I hoped that someone else would already have gathered that intel about the E-M5's (+lens) WB behavior. Especially since I already analyzed so many aspects of this camera and shared the information that I thought this information might be available from others for a change.

I don't have intel, just some thoughts, which, I think, are logical,

When shooting in artificial light there are always two choices for AutoWB - (1) to adjust WB on photo so that skin tones looked as they were in natural light and (2) - to preserve light spectrum so photo would show what the light looked like in reality. Often there is no ideal WB setting, especially if your light has some color cast (and it always will have color cast because walls are rarely perfectly gray and the light is partially reflected from walls).
Camera may try to choose (1) but it may be too hard job because it doesn't know the exact light spectrum.

Now, you were saying that your halogen lights are rated at 2900-3000K. It's important to realize that this may not be the case after the lights were mounted in your particular room. As I tried to explain in my previous post the light spectrum will change after it's reflected from walls, ceiling, clothes and other objects that aren't neutral. The light mix will change after you change camera position resulting different WB value. This should explain inconsistency in Auto WB results.

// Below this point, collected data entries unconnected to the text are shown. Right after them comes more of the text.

text \<open>Division by \<open>r\<close> shifts \<open>r^(n+1)\<close> to \<open>r^n\<close> and fixes \<open>0 = T\<close>; the points \<open>L\<close> and \<open>R\<close>
  go to \<open>b \<otimes> L\<close> and \<open>c \<otimes> R\<close> as a morphism requires.\<close>

definition geom_struct :: "real \<Rightarrow> 'x + real \<Rightarrow> (m3 \<times> ('x + real)) set" where
  "geom_struct r p = (case p of
      Inr t \<Rightarrow> if t = 1 then tens (geom_space r) Mb (Inr 1)
        else if t = 2 then tens (geom_space r) Mc (Inr 2)
        else tens (geom_space r) Ma (Inr (t / r))
    | Inl _ \<Rightarrow> {})"

lemma geom_space_simps [simp]:
  "tcarrier (geom_space r) = Inr ` geom_points r"
  "tdist (geom_space r) (Inr s) (Inr t) = geom_dist s t"
  "pT (geom_space r) = Inr 0" "pL (geom_space r) = Inr 1" "pR (geom_space r) = Inr 2"
  by (simp_all add: geom_space_def)

lemma geom_points_simps [simp]: "0 \<in> geom_points r" "1 \<in> geom_points r" "2 \<in> geom_points r"
  "r ^ n \<in> geom_points r"
  unfolding geom_points_def by (auto intro: range_eqI[of _ _ 0])

lemma geom_points_cases:
  assumes r: "0 < r" "r < 1" and s: "s \<in> geom_points r"
  shows "s = 1 \<or> s = 2 \<or> (0 \<le> s \<and> s \<le> r \<and> s / r \<in> geom_points r)"
proof -
  from s consider "s = 0" | "s = 2" | n where "s = r ^ n"
    unfolding geom_points_def by auto
  then show ?thesis
  proof cases
    case (3 n)
    show ?thesis
    proof (cases n)
      case (Suc k)
      have "r * r ^ k \<le> r"
        using r by (simp add: mult_left_le power_le_one)
      then show ?thesis
        using 3 Suc r by simp
    qed (use 3 in simp)
  qed (use r in simp_all)
qed
text \<open>Words over \<open>{1..m}\<close> are lists of naturals; projections are indexed \<open>P j\<close>.
  \<open>R_rev\<close> works on reversed words so that the last letter is the head.\<close>
fun R_rev :: "(nat \<Rightarrow> 'a::complex_inner \<Rightarrow> 'a) \<Rightarrow> ('a \<Rightarrow> 'a) \<Rightarrow> nat list \<Rightarrow> ('a \<Rightarrow> 'a)" where
  "R_rev P R0 [] = R0"
| "R_rev P R0 (j # v) = op_sqrt (R_rev P R0 v) \<circ> (\<lambda>y. y - P j y) \<circ> op_sqrt (R_rev P R0 v)"

definition R_word :: "(nat \<Rightarrow> 'a::complex_inner \<Rightarrow> 'a) \<Rightarrow> ('a \<Rightarrow> 'a) \<Rightarrow> nat list \<Rightarrow> ('a \<Rightarrow> 'a)" where
  "R_word P R0 w = R_rev P R0 (rev w)"

definition D_word :: "(nat \<Rightarrow> 'a::complex_inner \<Rightarrow> 'a) \<Rightarrow> ('a \<Rightarrow> 'a) \<Rightarrow> nat list \<Rightarrow> ('a \<Rightarrow> 'a)" where
  "D_word P R0 w = op_sqrt (R_word P R0 (butlast w)) \<circ> P (last w) \<circ> op_sqrt (R_word P R0 (butlast w))"

text \<open>A path \<open>\<omega> = (j_1, j_2, \<dots>)\<close> is a function \<open>nat \<Rightarrow> nat\<close> with \<open>\<omega> i = j_{i+1}\<close>.\<close>
definition prefix :: "(nat \<Rightarrow> nat) \<Rightarrow> nat \<Rightarrow> nat list" where
  "prefix \<omega> n = map \<omega> [0..<n]"

text \<open>Path space \<open>\<Omega> = A^\<nat>\<close> with its product (= Borel) sigma algebra.\<close>
definition path_space :: "nat \<Rightarrow> (nat \<Rightarrow> nat) measure" where
  "path_space m = PiM UNIV (\<lambda>_. count_space {1..m})"

definition cylinder :: "nat \<Rightarrow> nat list \<Rightarrow> (nat \<Rightarrow> nat) set" where
  "cylinder m w = {\<omega> \<in> space (path_space m). prefix \<omega> (length w) = w}"

definition R_inf :: "(nat \<Rightarrow> 'a::complex_inner \<Rightarrow> 'a) \<Rightarrow> ('a \<Rightarrow> 'a) \<Rightarrow> (nat \<Rightarrow> nat) \<Rightarrow> ('a \<Rightarrow> 'a)" where
  "R_inf P R0 \<omega> = (\<lambda>y. lim (\<lambda>n. R_word P R0 (prefix \<omega> n) y))"

definition Delta :: "(nat \<Rightarrow> 'a::complex_inner \<Rightarrow> 'a) \<Rightarrow> ('a \<Rightarrow> 'a) \<Rightarrow> nat \<Rightarrow> (nat \<Rightarrow> nat) \<Rightarrow> ('a \<Rightarrow> 'a)" where
  "Delta P R0 k \<omega> = D_word P R0 (prefix \<omega> k)"

text \<open>\<open>a_{wj} = \<langle>x, D_{wj} x\<rangle>\<close> (a nonnegative real, as \<open>D_{wj}\<close> is positive; we take its real part).\<close>
definition energy_a :: "(nat \<Rightarrow> 'a::complex_inner \<Rightarrow> 'a) \<Rightarrow> ('a \<Rightarrow> 'a) \<Rightarrow> 'a \<Rightarrow> nat list \<Rightarrow> nat \<Rightarrow> real" where
  "energy_a P R0 x w j = Re (cinner x (D_word P R0 (w @ [j]) x))"

definition p_cond :: "nat \<Rightarrow> (nat \<Rightarrow> 'a::complex_inner \<Rightarrow> 'a) \<Rightarrow> ('a \<Rightarrow> 'a) \<Rightarrow> (nat \<Rightarrow> real) \<Rightarrow> 'a
    \<Rightarrow> nat list \<Rightarrow> nat \<Rightarrow> real" where
  "p_cond m P R0 q x w j =
     (let s = (\<Sum>k\<in>{1..m}. energy_a P R0 x w k)
      in if s > 0 then energy_a P R0 x w j / s else q j)"

text \<open>\<open>\<nu>\<close> is the energy-biased path measure \<open>\<nu>_x\<close>: a probability measure on \<open>\<Omega>\<close> with the
  prescribed cylinder probabilities (such a measure is unique).\<close>
definition is_path_measure :: "nat \<Rightarrow> (nat \<Rightarrow> 'a::complex_inner \<Rightarrow> 'a) \<Rightarrow> ('a \<Rightarrow> 'a) \<Rightarrow> (nat \<Rightarrow> real)
    \<Rightarrow> 'a \<Rightarrow> (nat \<Rightarrow> nat) measure \<Rightarrow> bool" where
  "is_path_measure m P R0 q x \<nu> \<longleftrightarrow>
     prob_space \<nu> \<and> sets \<nu> = sets (path_space m) \<and>
     (\<forall>w. set w \<subseteq> {1..m} \<longrightarrow>
        measure \<nu> (cylinder m w) = (\<Prod>i<length w. p_cond m P R0 q x (take i w) (w ! i)))"

end

theory Submission
  imports Defs
begin

text \<open>Along a path \<open>\<omega>\<close> the energies telescope: \<open>R_w^{1/2} ((I - P_j) + P_j) R_w^{1/2} = R_w\<close>
  gives \<open>R_w = R_{wj} + D_{wj}\<close>, hence \<open>\<langle>x,R_0 x\<rangle> = \<langle>x,R_{\<omega>|n} x\<rangle> + A_1(\<omega>) + \<dots> + A_n(\<omega>)\<close>
  with all terms nonnegative, so each term is bounded by \<open>\<langle>x,R_0 x\<rangle>\<close>. The decreasing
  positive operators \<open>R_{\<omega>|n}\<close> converge strongly, and dominated convergence integrates the
  identity and passes to the limit. The analytic input is the
  existence of positive square roots, obtained from the power series of \<open>1 - \<surd>(1 - t)\<close>
  evaluated at a positive contraction.\<close>

section \<open>Complex inner product spaces\<close>

lemma cinner_add_left: "cinner (x + y) z = cinner x z + cinner (y::'a::complex_inner) z"
  by (metis cinner_cnj cinner_add_right complex_cnj_add)

lemma cinner_scaleC_left: "cinner (scaleC a x) (y::'a::complex_inner) = cnj a * cinner x y"
  by (metis cinner_cnj cinner_scaleC_right complex_cnj_mult complex_cnj_cnj)

lemma cinner_scaleR_right: "cinner x (scaleR r y) = of_real r * cinner x (y::'a::complex_inner)"
  by (simp add: scaleR_scaleC cinner_scaleC_right)

lemma cinner_scaleR_left: "cinner (scaleR r x) y = of_real r * cinner x (y::'a::complex_inner)"
  by (simp add: scaleR_scaleC cinner_scaleC_left)

lemma cinner_zero_right [simp]: "cinner x (0::'a::complex_inner) = 0"
  using cinner_add_right[of x 0 0] by simp

lemma cinner_minus_right: "cinner x (- y) = - cinner x (y::'a::complex_inner)"
  using cinner_scaleR_right[of x "-1" y] by simp

lemma cinner_minus_left: "cinner (- x) y = - cinner x (y::'a::complex_inner)"
  using cinner_scaleR_left[of "-1" x y] by simp

lemma cinner_diff_right: "cinner x (y - z) = cinner x y - cinner x (z::'a::complex_inner)"
  by (simp only: diff_conv_add_uminus cinner_add_right cinner_minus_right)

lemma cinner_diff_left: "cinner (x - y) z = cinner x z - cinner y (z::'a::complex_inner)"
  by (simp only: diff_conv_add_uminus cinner_add_left cinner_minus_left)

Grey card may help getting better starting point but it's not always a panacea. If you take first shot with grey card and second shot without it, proportion between reflected and direct light may change because of different camera angle and this will affect WB. If you put gray card at the frame edge intending to crop it, the edge may be lit differently from your subject, again resulting different WB.

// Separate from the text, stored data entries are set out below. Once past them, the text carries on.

text \<open>With the derivatives above and the values \<open>A\<^sub>1 = -p/(r b)\<close>, \<open>A\<^sub>2 = -A\<^sub>3 = r\<close>,
  \<open>B\<^sup>2 = r\<^sup>2 + \<alpha>\<^sup>2\<close>, \<open>C\<^sup>2 = r\<^sup>2 - \<alpha>\<^sup>2\<close>, each equation becomes an identity between rational
  functions of \<open>r\<close>, \<open>p = \<surd>P(r)\<close> and \<open>b = \<surd>(r\<^sup>4 - \<alpha>\<^sup>4)\<close>.\<close>
lemma ode:
  assumes t: "0 < t"
  shows
    "(A1f a has_real_derivative
        ((A2f a t - A3f a t)\<^sup>2 - (A1f a t)\<^sup>2) / (A2f a t * A3f a t)
        + (A1f a t)\<^sup>2 * ((Bf a t)\<^sup>2 + (Cf a t)\<^sup>2) / ((Bf a t)\<^sup>2 * (Cf a t)\<^sup>2)) (at t) \<and>
     (A2f a has_real_derivative
        ((A1f a t)\<^sup>2 - (A2f a t)\<^sup>2 + (A3f a t)\<^sup>2) / (A1f a t * A3f a t)
        - ((Bf a t)\<^sup>2 + (Cf a t)\<^sup>2 - 2 * (A2f a t)\<^sup>2) / (Bf a t * Cf a t)) (at t) \<and>
     (A3f a has_real_derivative
        ((A1f a t)\<^sup>2 + (A2f a t)\<^sup>2 - (A3f a t)\<^sup>2) / (A1f a t * A2f a t)
        - ((Bf a t)\<^sup>2 + (Cf a t)\<^sup>2 - 2 * (A3f a t)\<^sup>2) / (Bf a t * Cf a t)) (at t) \<and>
     (Bf a has_real_derivative
        - (Cf a t * A1f a t + Bf a t * A2f a t + Bf a t * A3f a t) / (Bf a t * Cf a t)
        - ((Cf a t)\<^sup>2 - (Bf a t)\<^sup>2) * (A2f a t + A3f a t) / (2 * A2f a t * A3f a t * Cf a t))
        (at t) \<and>
     (Cf a has_real_derivative
        - (Bf a t * A1f a t + Cf a t * A2f a t + Cf a t * A3f a t) / (Bf a t * Cf a t)
        - ((Bf a t)\<^sup>2 - (Cf a t)\<^sup>2) * (A2f a t + A3f a t) / (2 * A2f a t * A3f a t * Bf a t))
        (at t)"
proof -
  define r where "r = rfun a t"
  define p where "p = sqrt (Pfun a r)"
  define b where "b = sqrt (r ^ 4 - a ^ 4)"
  define B where "B = sqrt (r ^ 2 + a ^ 2)"
  define C where "C = sqrt (r ^ 2 - a ^ 2)"
  have r: "1 < r" unfolding r_def by (rule rfun_gt_1[OF t])
  have pos: "0 < p" "0 < b" "0 < B" "0 < C"
    unfolding p_def b_def B_def C_def
    using Pfun_pos[OF r] quartic_pos[of r] square_plus_pos[of r] square_minus_pos[of r] r
    by auto
  have squares: "b ^ 2 = r ^ 4 - a ^ 4" "B ^ 2 = r ^ 2 + a ^ 2" "C ^ 2 = r ^ 2 - a ^ 2"
    unfolding b_def B_def C_def
    using quartic_pos[of r] square_plus_pos[of r] square_minus_pos[of r] r by auto
  have at_t: "A1f a t = - p / (r * b)" "A2f a t = r" "A3f a t = - r"
      "Bf a t = B" "Cf a t = C"
    by (simp_all add: A1f_def A2f_def A3f_def Bf_def Cf_def r_def p_def b_def B_def C_def)
  note derivs = A_derivs[OF t, folded r_def, folded p_def b_def B_def C_def]
  show ?thesis
    unfolding at_t
  proof (intro conjI)
    show "(A1f a has_real_derivative ((r - - r)\<^sup>2 - (- p / (r * b))\<^sup>2) / (r * - r)
        + (- p / (r * b))\<^sup>2 * (B\<^sup>2 + C\<^sup>2) / (B\<^sup>2 * C\<^sup>2)) (at t)"
    proof (rule DERIV_cong[OF derivs(1)])
      have "B\<^sup>2 * C\<^sup>2 = b\<^sup>2" "B\<^sup>2 + C\<^sup>2 = 2 * r\<^sup>2"
        unfolding squares by algebra+
      then show "p\<^sup>2 * (3 * r ^ 4 - a ^ 4) / (r ^ 4 * b ^ 4) - 4 =
        ((r - - r)\<^sup>2 - (- p / (r * b))\<^sup>2) / (r * - r)
        + (- p / (r * b))\<^sup>2 * (B\<^sup>2 + C\<^sup>2) / (B\<^sup>2 * C\<^sup>2)"
        using r pos squares(1) by (simp add: field_simps) algebra
    qed
    show "(A2f a has_real_derivative ((- p / (r * b))\<^sup>2 - r\<^sup>2 + (- r)\<^sup>2) / (- p / (r * b) * - r)
        - (B\<^sup>2 + C\<^sup>2 - 2 * r\<^sup>2) / (B * C)) (at t)"
      using derivs(2) by (rule DERIV_cong) (use r pos squares in \<open>simp add: field_simps power2_eq_square\<close>)
    show "(A3f a has_real_derivative ((- p / (r * b))\<^sup>2 + r\<^sup>2 - (- r)\<^sup>2) / (- p / (r * b) * r)
        - (B\<^sup>2 + C\<^sup>2 - 2 * (- r)\<^sup>2) / (B * C)) (at t)"
      using derivs(3) by (rule DERIV_cong) (use r pos squares in \<open>simp add: field_simps power2_eq_square\<close>)
    show "(Bf a has_real_derivative - (C * (- p / (r * b)) + B * r + B * - r) / (B * C)
        - (C\<^sup>2 - B\<^sup>2) * (r + - r) / (2 * r * - r * C)) (at t)"
      using derivs(4) by (rule DERIV_cong) (use r pos in \<open>simp add: field_simps\<close>)
    show "(Cf a has_real_derivative - (B * (- p / (r * b)) + C * r + C * - r) / (B * C)
        - (B\<^sup>2 - C\<^sup>2) * (r + - r) / (2 * r * - r * B)) (at t)"
      using derivs(5) by (rule DERIV_cong) (use r pos in \<open>simp add: field_simps\<close>)
  qed
qed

There is a benefit in having people wearing clothes with some white piece of fabric - you can use it as reference point. And even slightly pink dress may affect illumination of the face, making the job of AutoWB harder.

AutoWB works well in natural light, especially when you have all 3 RGB colors in the frame as a reference. But, it's hard to expect good results from AutoWB when light spectrum is shifted and you have one or two colors dominating the scene.

As an example, I think purple baby bath tub in your second two shots does a good job of confusing the camera. Decent amount of purple-colored light falls on the sides of the face, making it lit differently from face front. But, there is only one WB value applicable to whole scene. Camera tried to find compromise but it might be too hard job to succeed.

With that said, I think Auto WB works well on E-M5 and Pens. It is not perfect in difficult conditions, of course, but at least it mostly provides reasonable starting point. Compare E-M5 with Lightroom AutoWB. E-M5 in-camera AWB is almost always much closer to reality despite the fact that PC has more resources and time to estimate WB.

Another thing - E-M5 has much greater color depth than earlier Pens or Fuji X10. Because of that it will make slight WB errors more apparent.